Реиндустриализация рассматривалась как новый этап НТР, в котором наука и техника больше не являлись врагами человека и его естественного окружения, а формировали ресурсосберегающую (эко-разумную) экономику, трудосберегающее производство и электронно-информационную культуру. Для неё приоритетами выступали общечеловеческие ценности и выживание человечества как главные императивы эпохи. При этом «постиндустриальное» развитие трактовалось в том смысле, что оно вело к технотронному, сверхиндустриальному обществу, в котором преобладающая часть общественной жизни концентрируется на непромышленной деятельности — сфере потребления и услуг. Постиндустриальное общество — это информационное общество, которое приходит на смену трудовому и является его отрицанием. В нем информация (а не труд) является системообразующим фактором новой социальной реальности.

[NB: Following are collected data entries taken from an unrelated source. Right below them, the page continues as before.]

(* For every $j\in\mathbb Z$: (1) Every nontrivial coset of $\Phi^{j-1}_*\mathcal R$ is contained in $\{(x,y)\in\mathbb R^2: x\in m^{-j}\mathbb Z\setminus m^{-(j-1)}\mathbb Z\}$, and any two points of the same coset lie in a vertical edge path of $Y_j$ of combinatorial length at most $2$. (2) Every coset of $\mathcal R_j$ is contained in an orbit of the translation action of $m^{-j}\mathbb Z\times m_v^{-j}\mathbb Z$ on $\mathbb R^2$. (3) Let $\bar{\mathcal R}_{j+1}$ be the equivalence relation on $X_j$ generated by the pushforward $(\hat\pi^j\circ\Phi^j)_*\mathcal R$. Then the cosets of $\bar{\mathcal R}_{j+1}$ are exactly the fibers of $\pi_j:X_j\to X_{j+1}$. (4) For $i=0,1$ let $\hat\sigma_i$ be a cell of $Y_j$ and $\hat p_i$ an interior point of $\hat\sigma_i$. If $\hat p_0\sim_{\mathcal R_j}\hat p_1$, then there is a translation $t\in m^{-j}\mathbb Z\times m_v^{-j}\mathbb Z$ with $t(\hat\sigma_0)=\hat\sigma_1$ and $\hat q\sim_{\mathcal R_j}t(\hat q)$ for all $\hat q\in\hat\sigma_0$.
   Context: Standing construction ($n=2$). Fix an integer $L\ge100$, $m=4$, $m_v=3L$. For $j\in\mathbb Z$, $Y_j$ is the cell complex on $\mathbb R^2$ given by the tiling by rectangles $[am^{-j},(a+1)m^{-j}]\times[bm_v^{-j},(b+1)m_v^{-j}]$, $a,b\in\mathbb Z$; a $1$-cell of $Y_j$ is horizontal if it is a translate of $[0,m^{-j}]\times\{0\}$ and vertical if it is a translate of $\{0\}\times[0,m_v^{-j}]$. Let $\Phi(x,y)=(m^{-1}x,m_v^{-1}y)$. For $k,\ell\in\mathbb Z$, $i\in\{1,2,3\}$, let $a_{k,\ell,i}=\{k+\tfrac i4\}\times[(3\ell+i-1)m_v^{-1},(3\ell+i)m_v^{-1}]$. $\mathcal R$ is the equivalence relation on $\mathbb R^2$ generated by $p\sim p+(0,m_v^{-1})$ for $p\in a_{k,\ell,i}$ (all $k,\ell,i$). For $j\in\mathbb Z$, $\Phi^j_*\mathcal R=\{(\Phi^jp,\Phi^jq):(p,q)\in\mathcal R\}$; $\mathcal R_j$ is the equivalence relation generated by $\Phi^i_*\mathcal R$ for all integers $i<j$, and $\mathcal R_\infty$ the one generated by all $\Phi^i_*\mathcal R$, $i\in\mathbb Z$. For $j\in\mathbb Z\cup\{\infty\}$, $X_j=\mathbb R^2/\mathcal R_j$ with the quotient topology, $\hat\pi^j:\mathbb R^2\to X_j$ the quotient map; for $i\le j$, $\pi_i^j:X_i\to X_j$ is the induced map, and $\pi_j=\pi_j^{j+1}$. *)

theory Defs
  imports "HOL-Analysis.Analysis"
begin

text \<open>Standing construction, n = 2, m = 4, m_v = 3L. Points of the plane are real \<times> real.\<close>

definition mv :: "int \<Rightarrow> real" where
  "mv L = 3 * real_of_int L"

text \<open>Mesh sizes of Y_j: horizontal m^{-j}, vertical m_v^{-j}.\<close>
definition hx :: "int \<Rightarrow> real" where
  "hx j = (4::real) powi (- j)"

definition hy :: "int \<Rightarrow> int \<Rightarrow> real" where
  "hy L j = mv L powi (- j)"

definition Phi_pow :: "int \<Rightarrow> int \<Rightarrow> real \<times> real \<Rightarrow> real \<times> real" where
  "Phi_pow L j p = (hx j * fst p, hy L j * snd p)"

definition a_seg :: "int \<Rightarrow> int \<Rightarrow> int \<Rightarrow> int \<Rightarrow> (real \<times> real) set" where
  "a_seg L k l i = {real_of_int k + real_of_int i / 4} \<times>
     {real_of_int (3*l + i - 1) / mv L .. real_of_int (3*l + i) / mv L}"

definition R_gen :: "int \<Rightarrow> ((real \<times> real) \<times> (real \<times> real)) set" where
  "R_gen L = {(p, p + (0, 1 / mv L)) | p. \<exists>k l i. i \<in> {1,2,3} \<and> p \<in> a_seg L k l i}"

definition eqgen :: "('a \<times> 'a) set \<Rightarrow> ('a \<times> 'a) set" where
  "eqgen S = (S \<union> S\<inverse>)\<^sup>*"

definition R_base :: "int \<Rightarrow> ((real \<times> real) \<times> (real \<times> real)) set" where
  "R_base L = eqgen (R_gen L)"

definition push :: "('a \<Rightarrow> 'b) \<Rightarrow> ('a \<times> 'a) set \<Rightarrow> ('b \<times> 'b) set" where
  "push f S = {(f p, f q) | p q. (p, q) \<in> S}"

definition R_lev :: "int \<Rightarrow> int \<Rightarrow> ((real \<times> real) \<times> (real \<times> real)) set" where
  "R_lev L j = eqgen (\<Union>i\<in>{i. i < j}. push (Phi_pow L i) (R_base L))"

definition R_inf :: "int \<Rightarrow> ((real \<times> real) \<times> (real \<times> real)) set" where
  "R_inf L = eqgen (\<Union>i. push (Phi_pow L i) (R_base L))"

definition X :: "int \<Rightarrow> int \<Rightarrow> (real \<times> real) set set" where
  "X L j = UNIV // R_lev L j"

definition hatpi :: "int \<Rightarrow> int \<Rightarrow> real \<times> real \<Rightarrow> (real \<times> real) set" where
  "hatpi L j p = R_lev L j `` {p}"

definition pi_map :: "int \<Rightarrow> int \<Rightarrow> (real \<times> real) set \<Rightarrow> (real \<times> real) set" where
  "pi_map L j c = R_lev L (j + 1) `` c"

text \<open>Cells of Y_j: [a hx, (a+dx) hx] \<times> [b hy, (b+dy) hy] with dx, dy \<in> {0,1}
  (vertices, horizontal/vertical edges, rectangles).\<close>
definition cell :: "int \<Rightarrow> int \<Rightarrow> int \<Rightarrow> int \<Rightarrow> int \<Rightarrow> int \<Rightarrow> (real \<times> real) set" where
  "cell L j a b dx dy =
     {real_of_int a * hx j .. real_of_int (a + dx) * hx j} \<times>
     {real_of_int b * hy L j .. real_of_int (b + dy) * hy L j}"

definition cells :: "int \<Rightarrow> int \<Rightarrow> (real \<times> real) set set" where
  "cells L j = {cell L j a b dx dy | a b dx dy. dx \<in> {0,1} \<and> dy \<in> {0,1}}"

text \<open>Vertical edge paths in Y_j, given by their vertex sequence (integer lattice
  coordinates); consecutive vertices are joined by a vertical 1-cell.
  Combinatorial length = number of edges = length vs - 1.\<close>
definition vpath :: "(int \<times> int) list \<Rightarrow> bool" where
  "vpath vs \<longleftrightarrow> vs \<noteq> [] \<and>
     (\<forall>(u, w) \<in> set (zip vs (tl vs)). fst u = fst w \<and> \<bar>snd u - snd w\<bar> = 1)"

definition vpath_set :: "int \<Rightarrow> int \<Rightarrow> (int \<times> int) list \<Rightarrow> (real \<times> real) set" where
  "vpath_set L j vs = cell L j (fst (hd vs)) (snd (hd vs)) 0 0 \<union>
     \<Union> {cell L j (fst u) (min (snd u) (snd w)) 0 1 | u w. (u, w) \<in> set (zip vs (tl vs))}"

definition gridX :: "int \<Rightarrow> real set" where
  "gridX j = {real_of_int a * hx j | a. True}"

definition trans_lat :: "int \<Rightarrow> int \<Rightarrow> (real \<times> real) set" where
  "trans_lat L j = {(real_of_int s * hx j, real_of_int t * hy L j) | s t. True}"

end

theory Submission
  imports Defs
begin

text \<open>
  Every generator of R_j is a vertical move p \<mapsto> p + (0, N m_v^{-j}), N = m_v^{j-i-1}, defined on a
  whole vertical segment of Y_j: \<open>\<Phi>\<^sup>i\<close> (i < j) maps a_{k,l,r} onto the column
  x = (4k+r) 4^{j-i-1} m^{-j} between two heights divisible by N m_v^{-j}. Hence classes of R_j lie in
  orbits of the translation lattice, and a move starting in the relative interior of a cell of Y_j
  (necessarily a vertex or vertical edge of that segment) carries the whole cell along; following a chain
  of moves from p_0 to p_1 translates \<open>\<sigma>\<^sub>0\<close> onto the cell containing p_1 in its interior,
  i.e. onto \<open>\<sigma>\<^sub>1\<close>. For i = j - 1 the segments are single edges in the columns 4k+r,
  0 < r < 4, which are not columns of Y_{j-1}, and a nontrivial class stays inside a two-edge segment. The fibre statement is a
  general fact about quotients: on R_j-classes, the equivalence generated by the images of
  \<open>\<Phi>\<^sup>j\<^sub>* R\<close> is R_{j+1} = \<open>\<langle>\<close>R_j \<union> \<open>\<Phi>\<^sup>j\<^sub>* R\<rangle>\<close>.
\<close>

section \<open>Equivalence relations generated by a relation\<close>

lemma equiv_eqgen: "equiv UNIV (eqgen S)"
  unfolding eqgen_def
  by (intro equivI refl_rtrancl sym_rtrancl trans_rtrancl) (auto simp: sym_Un_converse)

lemma eqgen_increasing: "S \<subseteq> eqgen S"
  unfolding eqgen_def by auto

lemma eqgen_least:
  assumes "S \<subseteq> E" and "equiv UNIV E"
  shows "eqgen S \<subseteq> E"
proof
  fix p assume "p \<in> eqgen S"
  obtain x y where p: "p = (x, y)" by fastforce
  from \<open>p \<in> eqgen S\<close> have "(x, y) \<in> (S \<union> S\<inverse>)\<^sup>*"
    unfolding eqgen_def p .
  then have "(x, y) \<in> E"
  proof (induction rule: rtrancl_induct)
    case base
    then show ?case using assms(2) by (simp add: equiv_def refl_on_def)
  next
    case (step y z)
    then show ?case using assms by (auto elim!: equivE elim: transE symE)
  qed
  with p show "p \<in> E" by simp
qed
(* Consider a switched descriptor system $E_{\sigma(t)}\dot x=A_{\sigma(t)}x$, $\sigma(t)\in\{1,\dots,N\}$, with each $A_i$ nonsingular. For each $i$ let $C_i$ be a matrix such that $x\in\mathcal{C}(E_i,A_i)$ if and only if $C_ix=0$. Suppose there is a symmetric matrix $P$ such that for all $i=1,\dots,N$, $$P+C_i^TC_i>0,\qquad PA_i^{-1}E_i+E_i^TA_i^{-T}P-C_i^TC_i<0,$$ and that for every solution, $x(t_*^+)^TPx(t_*^+)\le x(t_*^-)^TPx(t_*^-)$ whenever $\sigma$ switches at $t_*$. Then the system is GUES.
   Context: For $E,A\in\mathbb{R}^{n\times n}$ with $A$ nonsingular, $(E,A)$ denotes the descriptor system $E\dot x=Ax$; its index is the smallest $k^*\ge0$ with $\mathrm{Im}((A^{-1}E)^{k^*+1})=\mathrm{Im}((A^{-1}E)^{k^*})$ and its consistency space is $\mathcal{C}(E,A)=\mathrm{Im}((A^{-1}E)^{k^*})$. Switched descriptor system: the switching signal $\sigma$ is piecewise constant with values in $\{1,\dots,N\}$ and finitely many discontinuities in every bounded interval. A solution is a function $x(\cdot)$ that is differentiable and satisfies $E_{\sigma(t)}\dot x(t)=A_{\sigma(t)}x(t)$ at every $t$ where $\sigma$ is continuous, and has one-sided limits $x(t_*^\pm)$ at each discontinuity $t_*$ of $\sigma$; the equation is not required at discontinuities, and the relation between $x(t_*^+)$ and $x(t_*^-)$ and the allowed switches are part of the system specification. The system is GUES if there exist $\beta,\alpha>0$ such that every solution satisfies $\|x(t)\|\le\beta e^{-\alpha(t-t_0)}\|x(t_0)\|$ for all $t\ge t_0$. $M>0$ ($M<0$) means positive (negative) definite. *)

theory Defs
  imports "HOL-Analysis.Analysis"
begin
lemma fp_index_Fpow_eqI:
  assumes "n \<ge> 1" and winding: "\<And>N. arg_lift n N \<Longrightarrow> N (a + 2*pi) - N a = 2 * pi * (of_int d - 1)"
  shows "fp_index (F ^^ n) 0 = d"
proof -
  obtain N where N: "continuous_on {a..a + 2*pi} N" "\<And>t. t \<in> {a..a + 2*pi} \<Longrightarrow> sgn (W n t) = cis (N t)"
    using continuous_lift_exists[OF W_continuous W_nonzero[OF assms(1)]] by blast
  show ?thesis
  proof (rule fp_index_positively_homogeneous[OF Fpow_homogeneous])
    show "(F ^^ n) (cis t) \<noteq> cis t" for t using Fpow_no_fixpoint[OF _ assms(1)] by simp
    show "continuous_on {a..a + 2*pi} (\<lambda>t. 1 - (F ^^ n) (cis t) / cis t)"
      using W_continuous by (simp add: W_def[abs_def])
    show "sgn (1 - (F ^^ n) (cis t) / cis t) = cis (N t)" if "t \<in> {a..a + 2*pi}" for t
      using N(2)[OF that] by (simp add: W_def)
    show "N (a + 2*pi) - N a = 2 * pi * (of_int d - 1)"
      using winding N by (simp add: arg_lift_def)
  qed (use N in auto)
qed

lemma fp_index_Fpow_expanding:
  assumes "\<forall>s\<in>{-1..1}. c s \<ge> 1" "n \<ge> 1"
  shows "fp_index (F ^^ n) 0 = 1 + int m"
proof (rule fp_index_Fpow_eqI[OF assms(2)])
  fix N assume "arg_lift n N"
  then show "N (a + 2*pi) - N a = 2 * pi * (of_int (1 + int m) - 1)"
    using winding_total winding_piece_expanding[OF assms(1)] assms(2) by simp
qed

lemma fp_index_Fpow_contracting:
  assumes "\<forall>s\<in>{-1..1}. c s \<le> 1" "n \<ge> 1"
  shows "fp_index (F ^^ n) 0 = 1 - int m"
proof (rule fp_index_Fpow_eqI[OF assms(2)])
  fix N assume "arg_lift n N"
  then show "N (a + 2*pi) - N a = 2 * pi * (of_int (1 - int m) - 1)"
    using winding_total winding_piece_contracting[OF assms(1)] assms(2) by simp
qed

end

theorem mainTheorem4:
  fixes m :: nat and c :: "real \<Rightarrow> real" and a b :: real
  assumes "m \<ge> 1"
    and "continuous_on {-1..1} c"
    and "{s \<in> {-1..1}. c s = 1} = {-1, 0, 1}"
    and "strict_mono_on {-1..1} (\<lambda>s. s * c s)"
    and "0 < b - a" and "b - a < 2 * pi"
  shows "(\<forall>n\<ge>1. isolated_fixpoint (Fmap m c a b ^^ n) 0)
    \<and> (c ` {-1..1} \<subseteq> {1/2..1} \<longrightarrow>
         (\<forall>n\<ge>1. fp_index (Fmap m c a b ^^ n) 0 = 1 - int m))
    \<and> (c ` {-1..1} \<subseteq> {1..2} \<longrightarrow>
         (\<forall>n\<ge>1. fp_index (Fmap m c a b ^^ n) 0 = 1 + int m))"
proof -
  interpret Fmap_setting m c a b
    using assms by unfold_locales
  show ?thesis
    using Fpow_isolated_fixpoint fp_index_Fpow_contracting fp_index_Fpow_expanding
    by (auto simp: image_subset_iff)
qed

end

Данный конструктивистский (рационалистический) подход рассматривал социальные системы и институты как искусственные образования, т. е. как созданные людьми по заранее заданному проекту. Чтобы не допустить (приостановить) их хаотического развития, необходимы социальное управление и контроль, ставящие социальные процессы в определенные рамки1. Тем самым восстанавливались в правах концепции технологического прогресса, ориентированные на социоинженерные преобразования, ведущие с помощью науки и научных методов к «достойному человека обществу». В то же время отвергающие политические действия как неэффективный способ переустройства человеческой жизнедеятельности. Соответственно, парадигма антииндустриализма, пессимистические выводы глобалистики и теорий «пределов роста», опровергались как «безнадежно неправильные» (Саймон Дж., Кан Г. Изобильная планета. Ответ на «Глобальные проблемы 2000 года», 1984). Им на смену приходит оптимистический прогноз, вселяющий уверенность и повышающий готовность социальных организаций и отдельных людей участвовать в созидательной деятельности, поощряющей содействие разумной политике и вселяющей надежду.
Список используемой литературы.
1. Шамшурин В.Н. История русской социологии и интеллектуальная история. //Социс, 1995 г., № 3.